Face of a Bulldog chewing a mouthful of wasps…or fell out the Ugly Tree and hit all the branches on the way down. Take you pick…

mois7820h

Jaba the hut

1

mois7820h

Jaba the hut

mois7820h

Jaba the hut

mois7820h

see a civilian population fenced in and starved and bombed daily, without getting angry. They don’t have an airforce, so it is like shooting fish in a tank. The Indian bitch is signing a bomb to kill the Palestinian kids? Just because she married a joo, she lost her humanity? This bitch wants to be our President WTF?

https://substack.com/@thegoodcitizen/note/c-59012742?utm_source=feed-email-digest

NAZI BIMBO: MARTHA ANN ALIOTO IS AN UNGODLY PIECE OF SHIT (TRUTH BOMB)

What kind of assholes run the US anyway? (TID)

Amidst an ever-more toxic, loopy MAGA world, it turns out fascist-flag-flying, puerile-grudge-holding, venomous avatar of angry-white-lady privilege Martha-Ann Alito fits right in. In new undercover recordings, the bigoted wife of SCOTUS miscreant Sam Alito implausibly sounds worse than he is. She whines, “I have to look at the Pride flag for the next month,” boasts of her deeply vindictive Nazi roots, and vows, “You come after me, I’m gonna give it back to you.” Sweet Jesus these are ghastly people.

Oblivious of their own ghastliness, MAGA lickspittles were nauseatingly happy to welcome their 34-felon leader for a “pep talk” in his first visit to the capitol since he tried to burn it down. After they serenaded him with “Happy Birthday,” he reportedly rambled like a “drunk uncle”: He called Milwaukee, site of this year’s GOP convention, “a horrible city,” and claimed one of Nancy Pelosi’s four “wacko” daughters suggested, “If things were different, Nancy and I would be perfect together” – to which one daughter, Christine, swiftly responded, “Speaking for all 4 Pelosi daughters – this is a LIE. Trump is unwell, unhinged and unfit” to hold office. Cringey Mike Johnson fawned over His Majesty’s visit: “He said very complimentary things about all of us. We had sustained applause. He said I’m doing a very good job. We’re grateful for that.”

Meanwhile, the Grifter-In-Chief sends out endless hyperbolic money pleas – “I Am A Political Prisoner!” “Haul Out the Guillotine!” – that George Conway dubs “astonishing to behold…There does not seem to be any depth to which the Trump campaign will not sink.” In response to his whining, Ted Lieu lists the legal status of multiple Trump cronies – campaign manager, political adviser, lawyer etc – “Felon” – and notes, “It is not the fault of the DOJ that Trump surrounded himself with criminals.” Also, morons: See shrieky Klan Mom and energy expert MTG, who at a recent rally squawked to the ignorant crowd, “You think gas prices are high now?! Just wait till you’re forced to drive an electric vee-hick-ull!” Stunned, bovine pause, followed by loyal “BOOO!” and “NOOO!” to which she lifts her hands in the triumphant air. “Exactly!” she exclaims. “America is sick of it!”

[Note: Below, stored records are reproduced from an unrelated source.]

text \<open>If \<open>z\<close> itself is too good, mix it with the worst outcome \<open>b\<close> so that the expected utility
  drops to exactly \<open>v\<close>.\<close>

lemma exists_Lot_EU_le_with_supp:
  fixes Z :: "'z::finite set"
  assumes b: "b \<in> Z" "\<forall>x\<in>Z. u i th b \<le> u i th x" "u i th b < v" and z: "z \<in> Z"
  obtains y where "y \<in> Lot Z" "z \<in> supp y" "EU u i th y \<le> v"
proof (cases "u i th z \<le> v")
  case True
  then show ?thesis
    using that[of "unif {z}"] unif_in_Lot[OF z] supp_unif[of "{z}"] EU_unif_singleton[of u i th z]
    by auto
next
  case False
  define f where "f = u i th"
  define t where "t = (v - f b) / (f z - f b)"
  define y where "y = (\<lambda>x. t * unif {z} x + (1 - t) * unif {b} x)"
  have gt: "f b < f z" and zb: "z \<noteq> b" using False b unfolding f_def by auto
  have t: "0 < t" "t < 1" using False b gt unfolding t_def f_def by (auto simp: field_simps)
  have "lottery y" unfolding y_def using t by (intro lottery_convex_comb lottery_unif) auto
  moreover have "supp y \<subseteq> {z, b}" "z \<in> supp y"
    using zb t by (auto simp: y_def supp_def unif_def)
  moreover have "EU u i th y = f b + t * (f z - f b)"
    unfolding y_def EU_convex_comb EU_unif_singleton f_def by (simp add: algebra_simps)
  moreover have "t * (f z - f b) = v - f b" using gt unfolding t_def by simp
  ultimately show ?thesis using that[of y] b z by (auto simp: Lot_def)
qed

lemma F_subset_Zstar: "F th \<subseteq> Zstar u F"
  by (auto simp: Zstar_def)

lemma LhatAB_subset_Lot_Zstar: "LhatAB u F i th \<subseteq> Lot (Zstar u F)"
  unfolding LhatAB_def Lot_def by (auto split: if_splits)

lemma GammaAB_subset_Zstar: "GammaAB u F j th \<subseteq> Zstar u F"
  using LhatAB_subset_Lot_Zstar[of u F j th] unfolding GammaAB_def Lot_def by blast

lemma supp_subset_GammaAB: "y \<in> LhatAB u F j th \<Longrightarrow> supp y \<subseteq> GammaAB u F j th"
  unfolding GammaAB_def by blast

lemma zmax_subset: "zmax u F i th E \<Longrightarrow> E' \<subseteq> E \<Longrightarrow> E' \<noteq> {} \<Longrightarrow> zmax u F i th E'"
  unfolding zmax_def argmax_on_def by blast

lemma Lam_antimono: "E' \<subseteq> E \<Longrightarrow> E' \<noteq> {} \<Longrightarrow> Lam u F i E \<subseteq> Lam u F i E'"
  unfolding Lam_def using zmax_subset[of u F i _ E E'] by blast

lemma LY_unif_if_argmax:
  assumes A: "A \<noteq> {}" "A \<subseteq> argmax_on (u i th) S" and y: "lottery y" "supp y \<subseteq> S"
  shows "y \<in> LY u i (unif A) th"
proof -
  obtain a where a: "a \<in> A" using A by blast
  have const: "\<forall>z\<in>A. u i th z = u i th a"
  proof
    fix z assume "z \<in> A"
    with A(2) a have "z \<in> S" "a \<in> S" "\<forall>z'\<in>S. u i th z' \<le> u i th z" "\<forall>z'\<in>S. u i th z' \<le> u i th a"
      by (auto simp: argmax_on_def)
    then show "u i th z = u i th a" by (meson antisym)
  qed
  have "EU u i th (unif A) = u i th a" by (rule EU_unif_const[of A u i th "u i th a", OF A(1) const])
  moreover have "EU u i th y \<le> u i th a"
    using A a y by (intro EU_le_if_bounded_on_supp) (auto simp: argmax_on_def)
  ultimately show ?thesis using y by (simp add: LY_def)
qed

lemma F_subset_if_zmax_covers_GammaAB:
  assumes mono: "unif_mono_AB u F" and ne: "F th \<noteq> {}"
    and E: "zmax u F j th' E" "F th \<subseteq> E" "GammaAB u F j th \<subseteq> E"
  shows "F th \<subseteq> F th'"
proof -
  have "LhatAB u F i th \<subseteq> LY u i (unif (F th)) th'" for i
  proof
    fix y assume y: "y \<in> LhatAB u F i th"
    then have "y \<in> Lot (Zstar u F)" by (rule subsetD[OF LhatAB_subset_Lot_Zstar])
    then have y': "lottery y" "supp y \<subseteq> Zstar u F" by (simp_all add: Lot_def)
    show "y \<in> LY u i (unif (F th)) th'"
    proof (cases "i = j")
      case True
      have "F th \<subseteq> argmax_on (u i th') E" using E True unfolding zmax_def by blast
      moreover have "supp y \<subseteq> E" using supp_subset_GammaAB[of y u F j th] y E(3) True by blast
      ultimately show ?thesis using ne y'(1) by (intro LY_unif_if_argmax)
    next
      case False
      then have "F th \<subseteq> argmax_on (u i th') (Zstar u F)" using E unfolding zmax_def by blast
      then show ?thesis using ne y' by (intro LY_unif_if_argmax)
    qed
  qed
  then show ?thesis using mono unfolding unif_mono_AB_def by blast
qed

lemma Zstar_eq_Union_if_zmax:
  assumes "zmax u F j th' (Zstar u F)"
  shows "Zstar u F = (\<Union>th. F th)"
proof (cases "\<exists>i. imax u i UNIV")
  case False
  then have "Zstar u F = UNIV" by (simp add: Zstar_def)
  then have "imax u j UNIV" using assms unfolding zmax_def imax_def by auto
  with False show ?thesis by blast
qed (simp add: Zstar_def)

lemma Zstar_subset_F_if_zmax:
  assumes "unif_mono_AB u F" "\<And>th. F th \<noteq> {}" "zmax u F j th' (Zstar u F)"
  shows "Zstar u F \<subseteq> F th'"
proof -
  have "F th \<subseteq> F th'" for th
    using assms F_subset_Zstar GammaAB_subset_Zstar by (rule F_subset_if_zmax_covers_GammaAB)
  then show ?thesis using Zstar_eq_Union_if_zmax[OF assms(3)] by auto
qed

definition LhatAB_restricted ::
  "('i \<Rightarrow> 'th \<Rightarrow> 'z::finite \<Rightarrow> real) \<Rightarrow> ('th \<Rightarrow> 'z set) \<Rightarrow> 'i \<Rightarrow> 'th \<Rightarrow> bool" where
  "LhatAB_restricted u F i th \<longleftrightarrow>
     F th \<subseteq> argmin_on (u i th) (Zstar u F) \<and> Xi u F i th \<noteq> {} \<and>
     Lam u F i (Zstar u F \<inter> LZ u i (F th) th) \<noteq> {}"

lemma LhatAB_if_restricted:
  "LhatAB_restricted u F i th \<Longrightarrow>
     LhatAB u F i th = Lot (Zstar u F \<inter> LZ u i (F th) th \<inter> (\<Union>K\<in>Xi u F i th. \<Inter>th'\<in>K. F th'))"
  unfolding LhatAB_def LhatAB_restricted_def by simp

lemma LhatAB_if_not_restricted:
  "\<not> LhatAB_restricted u F i th \<Longrightarrow> LhatAB u F i th = Lot (Zstar u F) \<inter> LY u i (unif (F th)) th"
  unfolding LhatAB_def LhatAB_restricted_def by (simp only: if_False)

lemma GammaAB_eq_if_LhatAB_eq_Lot:
  assumes "LhatAB u F j th = Lot S"
  shows "GammaAB u F j th = S"
proof
  show "GammaAB u F j th \<subseteq> S" unfolding GammaAB_def assms Lot_def by blast
  show "S \<subseteq> GammaAB u F j th"
  proof
    fix z assume "z \<in> S"
    then show "z \<in> GammaAB u F j th"
      using unif_in_Lot[of z S] supp_unif[of "{z}"] supp_subset_GammaAB[of "unif {z}" u F j th] assms
      by simp
  qed
qed

lemma subset_LZ_if_argmin: "A \<subseteq> argmin_on (u i th) S \<Longrightarrow> A \<subseteq> LZ u i A th"
  unfolding argmin_on_def LZ_def by blast

lemma F_subset_Inter_if_ThetaI: "K \<subseteq> ThetaI u F i th \<Longrightarrow> F th \<subseteq> (\<Inter>t\<in>K. F t)"
  unfolding ThetaI_def by blast

lemma Xi_subset_ThetaI: "K \<in> Xi u F i th \<Longrightarrow> K \<subseteq> ThetaI u F i th"
  unfolding Xi_def by blast

lemma F_subset_Inter_Xi:
  assumes "F th \<subseteq> argmin_on (u i th) (Zstar u F)" "K \<in> Xi u F i th"
  shows "F th \<subseteq> Zstar u F \<inter> LZ u i (F th) th \<inter> (\<Inter>t\<in>K. F t)"
  using F_subset_Zstar[of F th u] subset_LZ_if_argmin[of "F th" u i th, OF assms(1)]
    F_subset_Inter_if_ThetaI[OF Xi_subset_ThetaI[OF assms(2)]] by blast

lemma F_subset_GammaAB:
  assumes ne: "F th \<noteq> {}"
  shows "F th \<subseteq> GammaAB u F j th"
proof (cases "LhatAB_restricted u F j th")
  case True
  then obtain K where K: "K \<in> Xi u F j th" and argmin: "F th \<subseteq> argmin_on (u j th) (Zstar u F)"
    unfolding LhatAB_restricted_def by blast
  have "F th \<subseteq> Zstar u F \<inter> LZ u j (F th) th \<inter> (\<Union>K\<in>Xi u F j th. \<Inter>t\<in>K. F t)"
    using F_subset_Inter_Xi[OF argmin K] K by blast
  then show ?thesis using GammaAB_eq_if_LhatAB_eq_Lot[OF LhatAB_if_restricted[OF True]] by simp
next
  case False
  have "unif (F th) \<in> LhatAB u F j th"
    using LhatAB_if_not_restricted[OF False] lottery_unif[OF ne] supp_unif[OF ne] F_subset_Zstar
    by (simp add: Lot_def LY_def)
  then show ?thesis using supp_subset_GammaAB[of "unif (F th)" u F j th] supp_unif[OF ne] by simp
qed

lemma ThetaI_if_zmax_GammaAB:
  assumes "unif_mono_AB u F" "F th \<noteq> {}" "zmax u F j th' (GammaAB u F j th)"
  shows "th' \<in> ThetaI u F j th"
proof -
  have FG: "F th \<subseteq> GammaAB u F j th" using assms(2) by (rule F_subset_GammaAB)
  then have "F th \<subseteq> F th'" using F_subset_if_zmax_covers_GammaAB[OF assms FG] by blast
  then show ?thesis using zmax_subset[OF assms(3) FG assms(2)] by (simp add: ThetaI_def)
qed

Then came Martha-Ann, whom one astute political observer deems “a straight-up piece of shit.” Recently, she and Justice (sic) Alito have faced a firestorm over insurrectionist-and-Christo-fascist-themed flags – nothing to see here – they flew at two of their who-knows-how-many homes; with his usual grace, Sam then quickly threw his wife under the flag-flying bus. Now, thanks to audio secretly recorded by liberal filmmaker Lauren Windsor, posing as a Christian conservative at the annual Supreme Court Historical Society dinner, we know Martha-Ann clearly deserves her fate. Windsor had already posted audio of him declaring the country must return to “a place of godliness,” and for that to happen, “One side or the other is going to win” – never mind all that quaint malarkey about equal, impartial, dispassionate justice before the law.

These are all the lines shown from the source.